15. MonoX Finance – the not so smart smart contract
> Amount: $31 million
MonoX Finance, a blockchain startup, also fell victim to a hack. The company uses a decentralized finance, or DeFi, protocol, MonoX, that lets users trade digital currency tokens with fewer requirements than traditional exchanges. The attacker exploited a bug in the software used to draft smart contracts, stealing $31 million.
“The exploit was caused by a smart contract bug that allows the sold and bought token to be the same,” MonoX Finance explained. The attacker made transactions with the mono token, basically swapping the same tokens but also inflating the price as the system allowed the transactions and calculated a new price after each transaction. The hacker then used the funds to cash out all the other deposited tokens, including on the ethereum and polygon blockchains. Security experts told ars Technica that these kinds of attacks are common in smart contracts. Developers do not always define security properties for their code, or use older security approaches, the expert noted.
14. Uranium Finance hack
> Amount: $80 million
Uranium Finance, a binance smart chain-based DeFi project, lost $50 million in tokens in April 2021 in an exploit. Following the exchange’s upgrade, there was a vulnerability in its v2 contracts the hacker exploited. According to CoinDesk, “a misplaced zero in the contract’s balance field … created the opening for the attack vector.”

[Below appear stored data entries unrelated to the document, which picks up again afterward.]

(* Let $\nu\ge1/2$ and $b,\theta>0$ be fixed. As $\delta\to0$, $$\int_{-\pi}^{\pi}a^\delta_{b,\theta}(\lambda)\,d\lambda\sim(\delta\theta)^{\frac{2\nu}{2\nu+1}}(2\pi C_\nu b)^{\frac1{2\nu+1}}\int_{-\infty}^{\infty}\big(1+|x|^{2\nu+1}\big)^{-1}dx,$$ $$\int_{-\pi}^{\pi}\big[a^\delta_{b,\theta}(\lambda)\big]^2d\lambda\sim(\delta\theta)^{\frac{2\nu}{2\nu+1}}(2\pi C_\nu b)^{\frac1{2\nu+1}}\int_{-\infty}^{\infty}\big(1+|x|^{2\nu+1}\big)^{-2}dx.$$
   Context: For $\alpha>0$, $\omega\in\mathbb R$ let $g^*_{\nu,\alpha}(\omega)=C_\nu\alpha^{2\nu}(\alpha^2+\omega^2)^{-(\nu+1/2)}$ with $C_\nu=\Gamma(\nu+\frac12)/(\sqrt\pi\,\Gamma(\nu))$. For $\delta,\theta>0$ and $\lambda\in[-\pi,\pi]$ let $g^\delta_{\nu,\theta}(\lambda)=\sum_{k\in\mathbb Z}g^*_{\nu,\delta\theta}(\lambda+2k\pi)$, and for $b>0$, $a^\delta_{b,\theta}=\dfrac{b\,g^\delta_{\nu,\theta}}{b\,g^\delta_{\nu,\theta}+(2\pi)^{-1}}$. "$\sim$" means the ratio tends to $1$. *)

theory Defs
  imports "HOL-Analysis.Analysis" "HOL-Library.Landau_Symbols"
begin

definition C_nu :: "real \<Rightarrow> real" where
  "C_nu \<nu> = Gamma (\<nu> + 1/2) / (sqrt pi * Gamma \<nu>)"

definition gstar :: "real \<Rightarrow> real \<Rightarrow> real \<Rightarrow> real" where
  "gstar \<nu> \<alpha> \<omega> = C_nu \<nu> * \<alpha> powr (2*\<nu>) * (\<alpha>^2 + \<omega>^2) powr (-(\<nu> + 1/2))"

definition gdelta :: "real \<Rightarrow> real \<Rightarrow> real \<Rightarrow> real \<Rightarrow> real" where
  "gdelta \<nu> \<delta> \<theta> l = (\<Sum>\<^sub>\<infinity>k\<in>(UNIV::int set). gstar \<nu> (\<delta>*\<theta>) (l + 2 * of_int k * pi))"

definition adelta :: "real \<Rightarrow> real \<Rightarrow> real \<Rightarrow> real \<Rightarrow> real \<Rightarrow> real" where
  "adelta \<nu> \<delta> b \<theta> l = b * gdelta \<nu> \<delta> \<theta> l / (b * gdelta \<nu> \<delta> \<theta> l + 1 / (2*pi))"

end

theory Submission
  imports Defs "HOL-Probability.Sinc_Integral"
begin

(* Write alpha = delta*theta, p = 2 nu + 1, K = 2 pi C_nu b and phi(t) = t/(1+t), so that
   a^delta = phi(2 pi b g^delta).  The proof has five steps, developed in this order in the file.
   (1) Periodisation error: for |lambda| <= pi every term k ~= 0 of the periodised density
       is at most C_nu alpha^(2 nu) / k^2 (this uses nu >= 1/2), so g^delta exceeds its
       k = 0 term gstar by O(alpha^(2 nu)).
   (2) phi is increasing and 1-Lipschitz with values in [0,1]; hence the n-th moment
       int (a^delta)^n differs from int phi(2 pi b gstar)^n by O(alpha^(2 nu)).
   (3) The substitution lambda = s x with s = (K alpha^(2 nu))^(1/p) turns
       phi(2 pi b gstar(lambda)) into the profile 1/(1 + (eps^2 + x^2)^(p/2)), eps = alpha/s,
       integrated over [-pi/s, pi/s].
   (4) As delta -> 0: s -> 0, eps -> 0 and alpha^(2 nu)/s -> 0.  Dominated convergence (the
       profile is at most 2/(1+x^2) since p >= 2) shows that the rescaled integrals tend to
       I_n = int_R (1 + |x|^p)^(-n) dx > 0.
   (5) A general relative-error principle gives  n-th moment ~ s * I_n,  and the theorem
       is the cases n = 1 and n = 2. *)

lemma C_nu_pos: "\<nu> > 0 \<Longrightarrow> C_nu \<nu> > 0"
  unfolding C_nu_def by (intro divide_pos_pos mult_pos_pos Gamma_real_pos) auto

lemma gstar_nonneg: "\<alpha> > 0 \<Longrightarrow> \<nu> > 0 \<Longrightarrow> gstar \<nu> \<alpha> \<omega> \<ge> 0"
  unfolding gstar_def using C_nu_pos[of \<nu>] by auto

(* The series sum_{k in Z} 1/k^2 (the term k = 0 is 0 by convention) converges; its value
   is the constant in the periodisation error. *)

lemma summable_inv_sq_int: "(\<lambda>k::int. 1 / (of_int k)^2 :: real) summable_on UNIV"
proof -
  have nat: "(\<lambda>n::nat. 1 / (real n)^2) summable_on UNIV"
  proof -
    have "summable (\<lambda>n::nat. inverse (real n ^ 2))"
      by (rule inverse_power_summable) auto
    then show ?thesis
      by (subst summable_on_UNIV_nonneg_real_iff) (auto simp: divide_inverse)
  qed
  have U: "(UNIV::int set) = range int \<union> range (\<lambda>n. - int n)"
    by (auto simp: image_iff) (metis minus_minus nonneg_int_cases neg_0_le_iff_le linorder_le_cases)
  have pos: "(\<lambda>k::int. 1 / (of_int k)^2 :: real) summable_on range int"
    by (subst summable_on_reindex) (auto simp: o_def nat)
  have neg: "(\<lambda>k::int. 1 / (of_int k)^2 :: real) summable_on range (\<lambda>n. - int n)"
    by (subst summable_on_reindex) (auto simp: o_def nat inj_on_def)
  show ?thesis unfolding U by (rule summable_on_union[OF pos neg])
qed

definition inv_sq_sum :: real where
  "inv_sq_sum = infsum (\<lambda>k::int. 1 / (of_int k)^2) UNIV"

(* An unordered sum over the integers is the limit of its symmetric partial sums; this
   exhibits the periodised density as a pointwise limit of continuous functions. *)

lemma infsum_int_symmetric_partial_sums:
  fixes f :: "int \<Rightarrow> 'a::{comm_monoid_add, t2_space}"
  assumes "f summable_on UNIV"
  shows "(\<lambda>N::nat. sum f {-int N..int N}) \<longlonglongrightarrow> infsum f UNIV"
proof -
  have intervals: "filterlim (\<lambda>N::nat. {-int N..int N}) (finite_subsets_at_top UNIV) sequentially"
    unfolding filterlim_finite_subsets_at_top
  proof (safe, goal_cases)
    case (1 X)
    then obtain n where n: "\<forall>x\<in>X. \<bar>x\<bar> \<le> n"
      using finite_int_iff_bounded_le by (metis finite_imageI Max_ge image_eqI)
    show ?case using eventually_ge_at_top[of "nat n"]
      by eventually_elim (insert n, force)
  qed
  have "(sum f \<longlongrightarrow> infsum f UNIV) (finite_subsets_at_top UNIV)"
    using assms unfolding summable_iff_has_sum_infsum has_sum_def .
  from filterlim_compose[OF this intervals] show ?thesis by (simp add: o_def)
qed

(* For |lambda| <= pi and k ~= 0 we have |lambda + 2 k pi| >= |k| pi >= 1, so the k-th term of
   the periodised density is at most C_nu alpha^(2 nu) / k^2 once the exponent nu + 1/2 is
   at least 1. *)

lemma gstar_shifted_le:
  fixes \<nu> \<alpha> l :: real and k :: int
  assumes nu: "\<nu> \<ge> 1/2" and a: "\<alpha> > 0" and l: "\<bar>l\<bar> \<le> pi" and k: "k \<noteq> 0"
  shows "gstar \<nu> \<alpha> (l + 2 * of_int k * pi) \<le> C_nu \<nu> * \<alpha> powr (2*\<nu>) * (1 / (of_int k)^2)"
proof -
  define \<omega> where "\<omega> = l + 2 * of_int k * pi"
  have k1: "\<bar>real_of_int k\<bar> \<ge> 1" using k by linarith
  have "\<bar>real_of_int k\<bar> * pi \<ge> 1 * pi" by (rule mult_right_mono) (use k1 in auto)
  moreover have "\<bar>2 * of_int k * pi\<bar> = 2 * (\<bar>real_of_int k\<bar> * pi)" by (simp add: abs_mult)
  ultimately have "\<bar>\<omega>\<bar> \<ge> \<bar>real_of_int k\<bar> * pi"
    unfolding \<omega>_def using l by linarith
  moreover have "\<bar>real_of_int k\<bar> * pi \<ge> \<bar>real_of_int k\<bar> * 1"
    by (rule mult_left_mono) (use pi_gt3 in auto)
  ultimately have k_le_w: "\<bar>real_of_int k\<bar> \<le> \<bar>\<omega>\<bar>" by linarith
  then have sq: "(of_int k)^2 \<le> \<omega>^2"
    using power_mono[OF k_le_w, of 2] by simp
  have "1 \<le> \<bar>real_of_int k\<bar>^2" by (rule one_le_power[OF k1])
  then have w2: "\<omega>^2 \<ge> 1" using sq by simp
  have "(\<alpha>^2 + \<omega>^2) powr (-(\<nu>+1/2)) \<le> (\<omega>^2) powr (-(\<nu>+1/2))"
    by (rule powr_mono2') (use nu w2 in auto)
  also have "\<dots> \<le> (\<omega>^2) powr (-1)"
    by (rule powr_mono) (use nu w2 in auto)
  also have "\<dots> = 1 / \<omega>^2" using w2 by (simp add: powr_minus divide_inverse)
  also have "\<dots> \<le> 1 / (of_int k)^2"
    by (rule divide_left_mono) (use sq k w2 in \<open>auto intro!: mult_pos_pos\<close>)
  finally have *: "(\<alpha>^2 + \<omega>^2) powr (-(\<nu>+1/2)) \<le> 1 / (of_int k)^2" .
  have c: "C_nu \<nu> * \<alpha> powr (2*\<nu>) \<ge> 0" using C_nu_pos[of \<nu>] nu by auto
  show ?thesis
    unfolding gstar_def \<omega>_def[symmetric]
    using mult_left_mono[OF * c] by (simp add: mult.assoc)
qed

But the exploit may have been an inside job, according to a member of Uranium Finance’s developer team, Cointelegraph reported. The crypto community noted on several boards they question Uranium’s narrative.
13. Qubit Finance hack
> Amount: $80 million
Hackers stole $80 million from Qubit Finance, a decentralized finance (DeFi) platform, on Jan. 27, according to the company’s statement, which also explains how the hacker exploited the protocol. Qubit offers its QBridge protocol for investors, a bridge to convert or swap tokens between two blockchains — ethereum and the binance smart chain network.
The attackers exploited the protocol and stole 206,809 binance coins (BNB) from Qubit’s QBridge protocol, worth more than $80 million, according to PeckShield. Qubit asked the hackers to return the stolen digital assets, offering the hackers a maximum bug bounty worth $250,000.
12. oopsie at Compound
> Amount: $90 million
Imagine your bank added money to your account — by accident — would you pay it back? Well, something similar happened to users of Compound, a decentralized finance, or DeFi, platform that enables users to earn interest or borrow assets against collateral. But on Thursday, 31 Sept. 2021, the ethereum-based money market protocol had a major blunder following an upgrade of its system and accidentally paid out $90 million among its users.

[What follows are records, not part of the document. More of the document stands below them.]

text \<open>Univariate polynomials of degree at most n (as real functions; restricted to [0,1] in use).\<close>
definition polys1 :: "nat \<Rightarrow> (real \<Rightarrow> real) set" where
  "polys1 n = {v. \<exists>a :: nat \<Rightarrow> real. \<forall>t. v t = (\<Sum>k\<le>n. a k * t ^ k)}"

definition polys2 :: "nat \<Rightarrow> (real \<times> real \<Rightarrow> real) set" where
  "polys2 n = {u. \<exists>c :: nat \<Rightarrow> nat \<Rightarrow> real.
      \<forall>x y. u (x, y) = (\<Sum>i\<le>n. \<Sum>j\<le>n - i. c i j * x ^ i * y ^ j)}"

definition Tref :: "(real \<times> real) set" where
  "Tref = {p. 0 \<le> fst p \<and> 0 \<le> snd p \<and> fst p + snd p \<le> 1}"

definition orth_polys :: "nat \<Rightarrow> (real \<times> real \<Rightarrow> real) set" where
  "orth_polys n = (if n = 0 then polys2 0 else
     {u \<in> polys2 n. \<forall>w \<in> polys2 (n - 1). integral Tref (\<lambda>p. u p * w p) = 0})"

datatype edge = EI | EII | EIII

fun restr :: "edge \<Rightarrow> (real \<times> real \<Rightarrow> real) \<Rightarrow> real \<Rightarrow> real" where
  "restr EI u t = u (t, 0)"
| "restr EII u t = u (0, t)"
| "restr EIII u t = u (1 - t, t)"

end

theory Submission
  imports Defs
begin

Shortly after the mistake, Compound’s founder began urging users (CNBC called it “begging”) to return the money they received in error. The transaction history shows where all the ethereum tokens went. According to BleepingComputer, the founder incentivized users, saying they may keep 10% as a reward. Though the founder said about $30 million have been by Sunday, other users have realized they can exploit the glitch, leaving $160 million at risk, according to Business Insider.
11. Liquid spills coins in a hack
> Amount: $97 million
Japanese cryptocurrency exchange Liquid was hit by a cyberattack in August, about a week after the Poly Network hack (see No. 3). The hackers made off with a reported $97 million worth of digital coins, according to blockchain analytics company Elliptic. “This includes $45 million in Ethereum tokens, which are being converted into Ether using decentralised exchanges (DEXs) such as Uniswap and SushiSwap,” Elliptic noted, adding, “This enables the hacker to avoid having these assets frozen — as is possible with many Ethereum tokens.”
Unlike many other exchanges, Liquid is reportedly regulated by Japan’s Financial Services Agency. Liquid ranks among the top 20 crypto exchanges globally by daily trading volumes, according to CNBC.